[Dataset entries]

lemma acyclic_edges_path: "acyclic_edges ((\<lambda>k. {k, Suc k}) ` {1..<m})"
proof (induction m)
  case (Suc m)
  show ?case
  proof (cases "m = 0")
    case False
    then have path:
      "(\<lambda>k. {k, Suc k}) ` {1..<Suc m} = insert {m, Suc m} ((\<lambda>k. {k, Suc k}) ` {1..<m})"
      by (simp add: atLeastLessThanSuc)
    have "edge_closed ((\<lambda>k. {k, Suc k}) ` {1..<m}) {..m}"
      unfolding edge_closed_def by (auto simp: doubleton_eq_iff)
    then have "\<not> conn ((\<lambda>k. {k, Suc k}) ` {1..<m}) m (Suc m)"
      by (rule not_conn_if_edge_closed) auto
    with Suc.IH show ?thesis
      unfolding path by (rule acyclic_edges_insert)
  qed (simp add: acyclic_edges_def)
qed (simp add: acyclic_edges_def)

lemma card_le_2_if_no_three_increasing:
  fixes K :: "'a :: linorder set"
  assumes "finite K" and no_chain: "\<And>a b d. a \<in> K \<Longrightarrow> b \<in> K \<Longrightarrow> d \<in> K \<Longrightarrow> a < b \<Longrightarrow> b < d \<Longrightarrow> False"
  shows "card K \<le> 2"
proof (cases "K = {}")
  case False
  have "K \<subseteq> {Min K, Max K}"
  proof
    fix x assume "x \<in> K"
    with \<open>finite K\<close> False have "Min K \<le> x" "x \<le> Max K" "Min K \<in> K" "Max K \<in> K"
      by simp_all
    with no_chain[of "Min K" x "Max K"] \<open>x \<in> K\<close> show "x \<in> {Min K, Max K}"
      by (auto simp: order_le_less)
  qed
  then have "card K \<le> card {Min K, Max K}"
    by (rule card_mono[rotated]) simp
  also have "\<dots> \<le> 2"
    by (simp add: card_insert_if)
  finally show ?thesis .
qed simp

lemma choose_two_add: "(a + b) choose 2 = (a choose 2) + (b choose 2) + a * b"
  using vandermonde[of a b 2] by (simp add: numeral_2_eq_2 atMost_Suc)

lemma card_two_subsets_not_within:
  assumes "finite X" "A \<subseteq> X" "B \<subseteq> X" "A \<inter> B = {}"
  shows "card {Q. Q \<subseteq> X \<and> card Q = 2 \<and> \<not> Q \<subseteq> A \<and> \<not> Q \<subseteq> B}
    = (card X choose 2) - (card A choose 2) - (card B choose 2)"
proof -
  let ?pairs = "\<lambda>S. {Q. Q \<subseteq> S \<and> card Q = 2}"
  have fin: "finite (?pairs S)" if "S \<subseteq> X" for S
    by (rule finite_subset[of _ "Pow X"]) (use that assms(1) in auto)
  have eq: "{Q. Q \<subseteq> X \<and> card Q = 2 \<and> \<not> Q \<subseteq> A \<and> \<not> Q \<subseteq> B} = ?pairs X - (?pairs A \<union> ?pairs B)"
    by blast
  have sub: "?pairs A \<union> ?pairs B \<subseteq> ?pairs X"
    using assms(2,3) by blast
  have disj: "?pairs A \<inter> ?pairs B = {}"
  proof (rule equals0I)
    fix Q assume "Q \<in> ?pairs A \<inter> ?pairs B"
    with assms(4) have "Q = {}" "card Q = 2"
      by blast+
    then show False
      by simp
  qed
  have count: "card (?pairs S) = card S choose 2" if "S \<subseteq> X" for S
    using n_subsets[OF finite_subset[OF that assms(1)]] .
  have "card (?pairs X - (?pairs A \<union> ?pairs B)) = card (?pairs X) - card (?pairs A \<union> ?pairs B)"
    using sub fin[OF assms(2)] fin[OF assms(3)] by (intro card_Diff_subset) auto
  also have "card (?pairs A \<union> ?pairs B) = card (?pairs A) + card (?pairs B)"
    using disj fin[OF assms(2)] fin[OF assms(3)] by (intro card_Un_disjoint)
  finally show ?thesis
    unfolding eq count[OF assms(2)] count[OF assms(3)] count[OF order_refl] by simp
qed

locale cycle_with_chord =
  fixes n t i j :: nat
  assumes i_pos: "1 \<le> i" and chord_gap: "i + 1 < j"
    and j_le_t: "j \<le> t" and t_less_n: "t < n"
begin

lemmas vertex_order = i_pos chord_gap j_le_t t_less_n

abbreviation E :: "nat set set" where
  "E \<equiv> cycle_chord_edges n i j"

definition cycle_edge :: "nat \<Rightarrow> nat set" where
  "cycle_edge k = (if k = n then {n, 1} else {k, Suc k})"

lemma cycle_edge_less: "k < n \<Longrightarrow> cycle_edge k = {k, Suc k}"
  by (simp add: cycle_edge_def)

lemma cycle_edge_last: "cycle_edge n = {n, 1}"
  by (simp add: cycle_edge_def)

lemma cycle_chord_edges_eq: "E = insert {i, j} (cycle_edge ` {1..n})"
proof -
  have "cycle_edge ` {1..n} = {{k, Suc k} | k. 1 \<le> k \<and> k < n} \<union> {{n, 1}}"
    using t_less_n by (force simp: cycle_edge_def)
  then show ?thesis
    unfolding cycle_chord_edges_def by auto
qed

lemma inj_on_cycle_edge: "inj_on cycle_edge {1..n}"
  using t_less_n chord_gap j_le_t
  by (intro inj_onI) (auto simp: cycle_edge_def doubleton_eq_iff split: if_splits)

lemma chord_not_cycle_edge: "{i, j} \<noteq> cycle_edge k"
  using t_less_n chord_gap j_le_t
  by (auto simp: cycle_edge_def doubleton_eq_iff)

lemma cycle_edge_in_E: "k \<in> {1..n} \<Longrightarrow> cycle_edge k \<in> E"
  unfolding cycle_chord_edges_eq by blast

lemma cycle_edges_subset_E: "A \<subseteq> {1..n} \<Longrightarrow> cycle_edge ` A \<subseteq> E"
  unfolding cycle_chord_edges_eq by blast

lemma interval_edge_closed:
  assumes "F \<subseteq> E" "1 \<le> a" "a < b" "b \<le> n"
    and "cycle_edge a \<notin> F" "cycle_edge b \<notin> F"
    and "{i, j} \<in> F \<longrightarrow> (i \<in> {a<..b} \<longleftrightarrow> j \<in> {a<..b})"
  shows "edge_closed F {a<..b}"
  unfolding edge_closed_def
proof (intro allI impI)
  fix u v
  assume uv: "{u, v} \<in> F" and u: "u \<in> {a<..b}"
  with assms(1) consider "{u, v} = {i, j}" | k where "k \<in> {1..n}" "{u, v} = cycle_edge k"
    unfolding cycle_chord_edges_eq by blast
  then show "v \<in> {a<..b}"
  proof cases
    case 1
    with uv u assms(7) show ?thesis by (auto simp: doubleton_eq_iff)
  next
    case (2 k)
    with uv assms(5,6) have "k \<noteq> a" "k \<noteq> b" by auto
    show ?thesis
    proof (cases "k = n")
      case True
      with 2 u assms(2,4) \<open>k \<noteq> b\<close> show ?thesis by (auto simp: cycle_edge_last doubleton_eq_iff)
    next
      case False
      with 2 u \<open>k \<noteq> a\<close> \<open>k \<noteq> b\<close> show ?thesis by (auto simp: cycle_edge_less doubleton_eq_iff)
    qed
  qed
qed

lemma conn_along_cycle:
  assumes "\<And>k. lo \<le> k \<Longrightarrow> k < hi \<Longrightarrow> cycle_edge k \<in> F" "hi \<le> n"
    and "lo \<le> x" "x \<le> hi" "lo \<le> y" "y \<le> hi"
  shows "conn F x y"
  using assms by (intro conn_consecutive[of lo hi]) (metis cycle_edge_less order_less_le_trans)+

lemma cycle_edge_in_image_iff:
  "k \<in> {1..n} \<Longrightarrow> A \<subseteq> {1..n} \<Longrightarrow> cycle_edge k \<in> cycle_edge ` A \<longleftrightarrow> k \<in> A"
  by (rule inj_on_image_mem_iff[OF inj_on_cycle_edge])

lemma cycle_edges_Diff:
  "p \<in> {1..n} \<Longrightarrow> cycle_edge ` {1..n} - {cycle_edge p} = cycle_edge ` ({1..n} - {p})"
  using inj_on_image_set_diff[OF inj_on_cycle_edge, of "{1..n}" "{p}"] by simp

lemma path_eq_cycle_edges: "(\<lambda>k. {k, Suc k}) ` {1..<n} = cycle_edge ` {1..<n}"
  by (auto simp: cycle_edge_less intro!: image_cong)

§ **WHAT THE EXERCISE ASKS**:
Which lines run from the one containing "using assms by" to the end of the entries above? Print them exactly, both ends included, and nothing else.

§ **ANSWER FOR THIS EXERCISE**:
  using assms by (intro conn_consecutive[of lo hi]) (metis cycle_edge_less order_less_le_trans)+

lemma cycle_edge_in_image_iff:
  "k \<in> {1..n} \<Longrightarrow> A \<subseteq> {1..n} \<Longrightarrow> cycle_edge k \<in> cycle_edge ` A \<longleftrightarrow> k \<in> A"
  by (rule inj_on_image_mem_iff[OF inj_on_cycle_edge])

lemma cycle_edges_Diff:
  "p \<in> {1..n} \<Longrightarrow> cycle_edge ` {1..n} - {cycle_edge p} = cycle_edge ` ({1..n} - {p})"
  using inj_on_image_set_diff[OF inj_on_cycle_edge, of "{1..n}" "{p}"] by simp

lemma path_eq_cycle_edges: "(\<lambda>k. {k, Suc k}) ` {1..<n} = cycle_edge ` {1..<n}"
  by (auto simp: cycle_edge_less intro!: image_cong)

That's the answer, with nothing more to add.